> What this task involves
Instruction for the entries that follow: retype exactly the lines from the line with "text \<open>A complex" to the line with "(\<forall>x. ip x", both included, and omit all others.

(Stored items)
________________
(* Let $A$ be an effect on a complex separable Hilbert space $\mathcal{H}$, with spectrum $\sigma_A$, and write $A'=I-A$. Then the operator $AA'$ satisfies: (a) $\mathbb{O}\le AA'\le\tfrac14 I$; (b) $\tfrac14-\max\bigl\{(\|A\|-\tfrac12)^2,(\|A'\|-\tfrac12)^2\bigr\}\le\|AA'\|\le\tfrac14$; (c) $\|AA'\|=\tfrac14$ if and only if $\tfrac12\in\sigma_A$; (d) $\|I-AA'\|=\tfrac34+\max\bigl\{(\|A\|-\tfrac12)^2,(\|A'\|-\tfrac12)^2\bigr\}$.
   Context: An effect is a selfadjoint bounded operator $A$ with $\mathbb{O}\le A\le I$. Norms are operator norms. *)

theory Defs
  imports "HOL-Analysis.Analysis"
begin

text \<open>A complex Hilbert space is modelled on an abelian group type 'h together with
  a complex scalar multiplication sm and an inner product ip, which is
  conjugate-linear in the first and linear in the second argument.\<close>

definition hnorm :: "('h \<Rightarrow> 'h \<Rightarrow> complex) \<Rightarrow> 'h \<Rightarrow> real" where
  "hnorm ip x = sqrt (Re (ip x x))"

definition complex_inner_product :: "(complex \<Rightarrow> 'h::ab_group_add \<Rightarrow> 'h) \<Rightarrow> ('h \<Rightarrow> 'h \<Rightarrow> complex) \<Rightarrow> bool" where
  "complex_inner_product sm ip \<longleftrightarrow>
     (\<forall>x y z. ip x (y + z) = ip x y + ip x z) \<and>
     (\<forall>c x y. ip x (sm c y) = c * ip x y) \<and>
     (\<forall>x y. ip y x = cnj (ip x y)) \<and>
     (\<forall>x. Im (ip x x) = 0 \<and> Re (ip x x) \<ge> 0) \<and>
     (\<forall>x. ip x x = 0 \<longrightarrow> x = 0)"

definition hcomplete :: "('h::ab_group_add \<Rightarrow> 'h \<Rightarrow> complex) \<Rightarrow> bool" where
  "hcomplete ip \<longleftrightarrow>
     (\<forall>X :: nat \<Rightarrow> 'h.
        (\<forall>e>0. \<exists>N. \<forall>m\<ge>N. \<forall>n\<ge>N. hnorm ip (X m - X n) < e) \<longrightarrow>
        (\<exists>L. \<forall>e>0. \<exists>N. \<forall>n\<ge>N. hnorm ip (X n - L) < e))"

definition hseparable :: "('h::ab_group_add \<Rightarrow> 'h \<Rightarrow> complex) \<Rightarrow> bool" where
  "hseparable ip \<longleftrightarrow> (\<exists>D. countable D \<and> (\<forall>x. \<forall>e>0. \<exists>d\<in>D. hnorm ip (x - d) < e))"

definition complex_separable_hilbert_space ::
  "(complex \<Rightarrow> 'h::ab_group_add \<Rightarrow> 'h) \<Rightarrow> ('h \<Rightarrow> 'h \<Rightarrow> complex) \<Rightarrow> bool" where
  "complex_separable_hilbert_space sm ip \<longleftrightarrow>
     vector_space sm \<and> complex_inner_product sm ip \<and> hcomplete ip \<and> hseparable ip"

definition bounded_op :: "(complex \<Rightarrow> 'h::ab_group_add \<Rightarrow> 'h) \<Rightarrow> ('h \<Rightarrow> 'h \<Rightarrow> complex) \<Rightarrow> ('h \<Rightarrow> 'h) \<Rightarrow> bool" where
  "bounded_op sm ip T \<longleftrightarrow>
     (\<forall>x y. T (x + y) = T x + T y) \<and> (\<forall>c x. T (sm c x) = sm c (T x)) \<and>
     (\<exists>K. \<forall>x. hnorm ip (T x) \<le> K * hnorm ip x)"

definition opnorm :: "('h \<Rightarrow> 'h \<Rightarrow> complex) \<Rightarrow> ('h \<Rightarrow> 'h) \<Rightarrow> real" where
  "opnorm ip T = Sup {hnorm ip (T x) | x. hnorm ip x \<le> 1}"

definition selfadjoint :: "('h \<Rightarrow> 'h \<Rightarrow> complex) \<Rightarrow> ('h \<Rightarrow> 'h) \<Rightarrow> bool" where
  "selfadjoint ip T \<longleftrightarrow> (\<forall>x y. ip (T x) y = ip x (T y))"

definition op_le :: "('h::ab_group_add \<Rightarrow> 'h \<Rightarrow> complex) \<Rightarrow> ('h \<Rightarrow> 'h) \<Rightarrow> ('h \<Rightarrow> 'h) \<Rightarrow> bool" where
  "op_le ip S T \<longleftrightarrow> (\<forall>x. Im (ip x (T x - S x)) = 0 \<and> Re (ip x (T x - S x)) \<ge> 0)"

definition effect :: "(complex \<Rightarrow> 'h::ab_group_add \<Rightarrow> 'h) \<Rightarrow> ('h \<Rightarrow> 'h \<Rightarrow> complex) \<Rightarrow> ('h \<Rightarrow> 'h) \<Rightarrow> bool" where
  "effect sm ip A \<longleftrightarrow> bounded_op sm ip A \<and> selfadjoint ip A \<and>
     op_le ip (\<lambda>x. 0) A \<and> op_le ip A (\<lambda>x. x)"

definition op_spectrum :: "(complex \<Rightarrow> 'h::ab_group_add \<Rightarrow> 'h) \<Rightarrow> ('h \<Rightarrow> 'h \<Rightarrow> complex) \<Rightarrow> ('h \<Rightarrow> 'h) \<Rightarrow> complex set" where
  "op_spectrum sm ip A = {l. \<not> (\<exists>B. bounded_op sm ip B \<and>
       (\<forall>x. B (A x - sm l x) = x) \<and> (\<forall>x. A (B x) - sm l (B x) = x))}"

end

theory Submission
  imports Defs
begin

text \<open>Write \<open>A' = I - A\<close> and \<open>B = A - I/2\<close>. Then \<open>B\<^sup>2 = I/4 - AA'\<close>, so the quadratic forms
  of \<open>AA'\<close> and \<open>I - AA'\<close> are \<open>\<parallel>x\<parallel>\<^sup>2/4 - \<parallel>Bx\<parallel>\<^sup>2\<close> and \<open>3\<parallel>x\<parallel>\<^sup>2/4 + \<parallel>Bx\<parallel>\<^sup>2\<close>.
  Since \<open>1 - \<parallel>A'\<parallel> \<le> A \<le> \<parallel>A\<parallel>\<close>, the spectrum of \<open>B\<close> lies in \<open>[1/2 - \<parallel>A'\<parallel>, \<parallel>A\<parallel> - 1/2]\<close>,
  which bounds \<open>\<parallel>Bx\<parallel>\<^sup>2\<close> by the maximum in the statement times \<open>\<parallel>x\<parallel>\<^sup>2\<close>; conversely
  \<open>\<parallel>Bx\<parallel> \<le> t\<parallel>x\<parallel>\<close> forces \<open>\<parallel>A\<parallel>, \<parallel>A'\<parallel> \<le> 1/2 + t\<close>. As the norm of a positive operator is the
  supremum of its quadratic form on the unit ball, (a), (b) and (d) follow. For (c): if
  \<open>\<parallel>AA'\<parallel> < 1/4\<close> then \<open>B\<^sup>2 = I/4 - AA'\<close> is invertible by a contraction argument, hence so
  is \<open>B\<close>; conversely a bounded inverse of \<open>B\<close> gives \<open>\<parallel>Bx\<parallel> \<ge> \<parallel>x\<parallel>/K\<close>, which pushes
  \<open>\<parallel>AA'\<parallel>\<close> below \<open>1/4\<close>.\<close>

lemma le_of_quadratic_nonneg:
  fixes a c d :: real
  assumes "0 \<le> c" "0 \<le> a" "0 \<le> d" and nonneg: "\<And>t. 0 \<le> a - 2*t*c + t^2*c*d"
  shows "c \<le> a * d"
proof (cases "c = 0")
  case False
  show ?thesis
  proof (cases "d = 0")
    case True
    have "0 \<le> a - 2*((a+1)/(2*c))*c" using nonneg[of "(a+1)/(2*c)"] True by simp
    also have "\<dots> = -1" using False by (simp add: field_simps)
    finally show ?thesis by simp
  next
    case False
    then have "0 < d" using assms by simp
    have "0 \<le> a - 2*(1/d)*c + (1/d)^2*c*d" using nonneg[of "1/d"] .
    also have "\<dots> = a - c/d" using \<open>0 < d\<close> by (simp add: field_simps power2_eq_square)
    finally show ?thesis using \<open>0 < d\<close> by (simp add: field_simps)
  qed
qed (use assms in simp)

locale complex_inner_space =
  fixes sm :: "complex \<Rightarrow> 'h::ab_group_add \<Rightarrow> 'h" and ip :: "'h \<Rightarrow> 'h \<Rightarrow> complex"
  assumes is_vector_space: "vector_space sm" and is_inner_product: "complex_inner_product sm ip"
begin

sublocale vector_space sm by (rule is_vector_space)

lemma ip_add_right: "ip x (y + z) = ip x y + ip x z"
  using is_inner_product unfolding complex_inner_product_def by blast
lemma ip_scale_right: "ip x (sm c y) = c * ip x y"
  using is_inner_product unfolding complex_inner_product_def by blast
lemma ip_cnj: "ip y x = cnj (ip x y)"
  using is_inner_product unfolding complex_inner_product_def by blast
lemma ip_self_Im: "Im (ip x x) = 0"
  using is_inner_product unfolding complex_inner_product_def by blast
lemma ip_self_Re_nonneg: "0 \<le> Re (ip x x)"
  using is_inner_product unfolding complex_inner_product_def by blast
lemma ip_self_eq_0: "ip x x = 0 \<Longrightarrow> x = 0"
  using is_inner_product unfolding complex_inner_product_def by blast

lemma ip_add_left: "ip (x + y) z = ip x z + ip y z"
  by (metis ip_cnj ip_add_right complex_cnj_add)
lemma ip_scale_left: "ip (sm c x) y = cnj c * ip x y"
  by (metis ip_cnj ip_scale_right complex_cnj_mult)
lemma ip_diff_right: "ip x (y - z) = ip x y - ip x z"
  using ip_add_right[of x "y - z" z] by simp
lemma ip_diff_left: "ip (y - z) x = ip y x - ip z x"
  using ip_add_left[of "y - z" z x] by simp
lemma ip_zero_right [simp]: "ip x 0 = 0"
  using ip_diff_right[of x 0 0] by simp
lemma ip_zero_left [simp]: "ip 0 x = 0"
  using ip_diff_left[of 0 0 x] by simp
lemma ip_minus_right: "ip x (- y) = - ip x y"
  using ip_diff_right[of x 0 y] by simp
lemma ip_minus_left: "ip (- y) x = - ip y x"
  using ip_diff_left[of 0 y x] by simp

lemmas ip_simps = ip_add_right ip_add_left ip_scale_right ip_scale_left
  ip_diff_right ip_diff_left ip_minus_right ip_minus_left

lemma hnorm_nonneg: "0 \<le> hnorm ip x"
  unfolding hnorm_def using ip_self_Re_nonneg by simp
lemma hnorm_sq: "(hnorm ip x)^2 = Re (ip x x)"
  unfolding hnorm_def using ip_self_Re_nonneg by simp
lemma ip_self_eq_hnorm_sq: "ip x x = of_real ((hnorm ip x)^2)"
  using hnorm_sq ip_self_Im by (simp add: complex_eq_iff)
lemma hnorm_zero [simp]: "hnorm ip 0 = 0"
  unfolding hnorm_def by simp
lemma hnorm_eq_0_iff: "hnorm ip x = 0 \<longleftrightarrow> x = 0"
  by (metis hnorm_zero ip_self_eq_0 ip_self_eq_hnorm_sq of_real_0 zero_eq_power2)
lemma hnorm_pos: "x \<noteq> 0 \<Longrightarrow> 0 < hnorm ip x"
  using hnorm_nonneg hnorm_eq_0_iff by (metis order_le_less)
________________
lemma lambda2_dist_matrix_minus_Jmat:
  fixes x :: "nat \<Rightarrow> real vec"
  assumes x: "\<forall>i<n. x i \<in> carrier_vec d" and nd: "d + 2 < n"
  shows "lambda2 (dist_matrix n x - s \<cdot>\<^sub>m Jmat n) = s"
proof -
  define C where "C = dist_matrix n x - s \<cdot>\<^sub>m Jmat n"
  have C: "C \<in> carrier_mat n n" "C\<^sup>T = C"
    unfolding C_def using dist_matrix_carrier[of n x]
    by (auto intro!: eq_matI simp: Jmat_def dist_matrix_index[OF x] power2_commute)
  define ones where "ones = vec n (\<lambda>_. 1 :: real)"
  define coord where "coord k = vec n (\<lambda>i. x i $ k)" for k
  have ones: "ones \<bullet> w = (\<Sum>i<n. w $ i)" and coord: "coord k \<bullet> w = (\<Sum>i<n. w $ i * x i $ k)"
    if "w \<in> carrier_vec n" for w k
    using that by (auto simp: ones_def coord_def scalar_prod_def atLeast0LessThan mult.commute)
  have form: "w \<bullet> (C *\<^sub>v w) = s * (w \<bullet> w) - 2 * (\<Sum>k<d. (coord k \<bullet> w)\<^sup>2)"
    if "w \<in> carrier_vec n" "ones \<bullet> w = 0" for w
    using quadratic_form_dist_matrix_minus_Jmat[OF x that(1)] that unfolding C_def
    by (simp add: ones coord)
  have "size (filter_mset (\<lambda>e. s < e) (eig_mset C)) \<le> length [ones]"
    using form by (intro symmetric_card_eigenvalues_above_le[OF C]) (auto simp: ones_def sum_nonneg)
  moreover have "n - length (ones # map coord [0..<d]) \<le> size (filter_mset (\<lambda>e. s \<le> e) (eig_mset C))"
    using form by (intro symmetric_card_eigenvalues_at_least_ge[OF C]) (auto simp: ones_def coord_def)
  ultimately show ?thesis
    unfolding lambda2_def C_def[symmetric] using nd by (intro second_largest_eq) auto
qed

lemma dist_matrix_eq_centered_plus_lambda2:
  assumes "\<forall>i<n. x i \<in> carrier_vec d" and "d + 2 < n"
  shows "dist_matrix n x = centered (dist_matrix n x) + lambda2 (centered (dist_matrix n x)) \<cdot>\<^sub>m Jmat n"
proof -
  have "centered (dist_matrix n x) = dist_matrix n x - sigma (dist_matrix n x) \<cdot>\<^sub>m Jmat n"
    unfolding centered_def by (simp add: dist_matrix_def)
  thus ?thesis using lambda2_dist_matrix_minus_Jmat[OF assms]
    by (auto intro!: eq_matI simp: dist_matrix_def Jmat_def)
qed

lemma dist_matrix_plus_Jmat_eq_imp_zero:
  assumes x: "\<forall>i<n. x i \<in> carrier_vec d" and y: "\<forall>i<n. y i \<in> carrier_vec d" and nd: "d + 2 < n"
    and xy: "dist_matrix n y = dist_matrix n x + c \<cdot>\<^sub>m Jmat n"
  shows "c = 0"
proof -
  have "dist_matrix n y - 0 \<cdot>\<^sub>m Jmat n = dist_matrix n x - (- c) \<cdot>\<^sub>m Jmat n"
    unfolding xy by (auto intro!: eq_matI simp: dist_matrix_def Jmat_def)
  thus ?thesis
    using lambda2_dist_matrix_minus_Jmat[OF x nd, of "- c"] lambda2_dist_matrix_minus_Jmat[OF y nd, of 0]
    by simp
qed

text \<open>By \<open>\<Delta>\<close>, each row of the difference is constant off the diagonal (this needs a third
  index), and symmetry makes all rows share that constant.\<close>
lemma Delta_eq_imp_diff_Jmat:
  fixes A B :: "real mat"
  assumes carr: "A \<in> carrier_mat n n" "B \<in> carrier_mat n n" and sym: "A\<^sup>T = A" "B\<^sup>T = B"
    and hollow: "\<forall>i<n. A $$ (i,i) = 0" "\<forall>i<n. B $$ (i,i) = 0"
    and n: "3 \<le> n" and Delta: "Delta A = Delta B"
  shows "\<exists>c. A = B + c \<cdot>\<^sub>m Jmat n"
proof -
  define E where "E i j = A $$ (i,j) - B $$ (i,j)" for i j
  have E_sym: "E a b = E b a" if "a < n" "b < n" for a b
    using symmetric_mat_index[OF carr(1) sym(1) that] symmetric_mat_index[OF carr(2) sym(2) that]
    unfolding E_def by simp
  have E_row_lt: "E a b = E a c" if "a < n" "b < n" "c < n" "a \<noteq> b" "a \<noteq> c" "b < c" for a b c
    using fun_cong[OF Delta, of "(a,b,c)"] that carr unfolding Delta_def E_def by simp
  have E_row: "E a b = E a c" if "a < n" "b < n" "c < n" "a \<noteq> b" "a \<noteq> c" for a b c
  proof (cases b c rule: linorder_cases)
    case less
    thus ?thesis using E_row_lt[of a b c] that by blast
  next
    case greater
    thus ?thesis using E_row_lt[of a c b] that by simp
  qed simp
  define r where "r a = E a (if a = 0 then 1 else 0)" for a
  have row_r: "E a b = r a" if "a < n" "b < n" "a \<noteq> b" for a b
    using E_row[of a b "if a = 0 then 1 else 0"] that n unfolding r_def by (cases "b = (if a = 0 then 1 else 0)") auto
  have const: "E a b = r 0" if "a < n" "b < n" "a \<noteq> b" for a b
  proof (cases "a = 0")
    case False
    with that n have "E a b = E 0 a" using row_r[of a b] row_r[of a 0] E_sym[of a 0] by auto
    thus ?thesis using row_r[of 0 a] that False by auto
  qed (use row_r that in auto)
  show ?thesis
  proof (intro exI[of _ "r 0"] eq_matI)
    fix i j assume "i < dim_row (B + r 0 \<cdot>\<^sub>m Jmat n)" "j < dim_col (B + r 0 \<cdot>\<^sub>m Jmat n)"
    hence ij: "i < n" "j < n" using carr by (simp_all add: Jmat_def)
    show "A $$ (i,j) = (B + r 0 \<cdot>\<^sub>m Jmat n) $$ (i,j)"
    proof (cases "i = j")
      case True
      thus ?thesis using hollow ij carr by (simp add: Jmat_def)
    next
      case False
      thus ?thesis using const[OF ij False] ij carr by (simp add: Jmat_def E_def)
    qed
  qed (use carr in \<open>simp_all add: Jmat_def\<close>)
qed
________________
> Answer to the problem
text \<open>A complex Hilbert space is modelled on an abelian group type 'h together with
  a complex scalar multiplication sm and an inner product ip, which is
  conjugate-linear in the first and linear in the second argument.\<close>

definition hnorm :: "('h \<Rightarrow> 'h \<Rightarrow> complex) \<Rightarrow> 'h \<Rightarrow> real" where
  "hnorm ip x = sqrt (Re (ip x x))"

definition complex_inner_product :: "(complex \<Rightarrow> 'h::ab_group_add \<Rightarrow> 'h) \<Rightarrow> ('h \<Rightarrow> 'h \<Rightarrow> complex) \<Rightarrow> bool" where
  "complex_inner_product sm ip \<longleftrightarrow>
     (\<forall>x y z. ip x (y + z) = ip x y + ip x z) \<and>
     (\<forall>c x y. ip x (sm c y) = c * ip x y) \<and>
     (\<forall>x y. ip y x = cnj (ip x y)) \<and>
     (\<forall>x. Im (ip x x) = 0 \<and> Re (ip x x) \<ge> 0) \<and>
     (\<forall>x. ip x x = 0 \<longrightarrow> x = 0)"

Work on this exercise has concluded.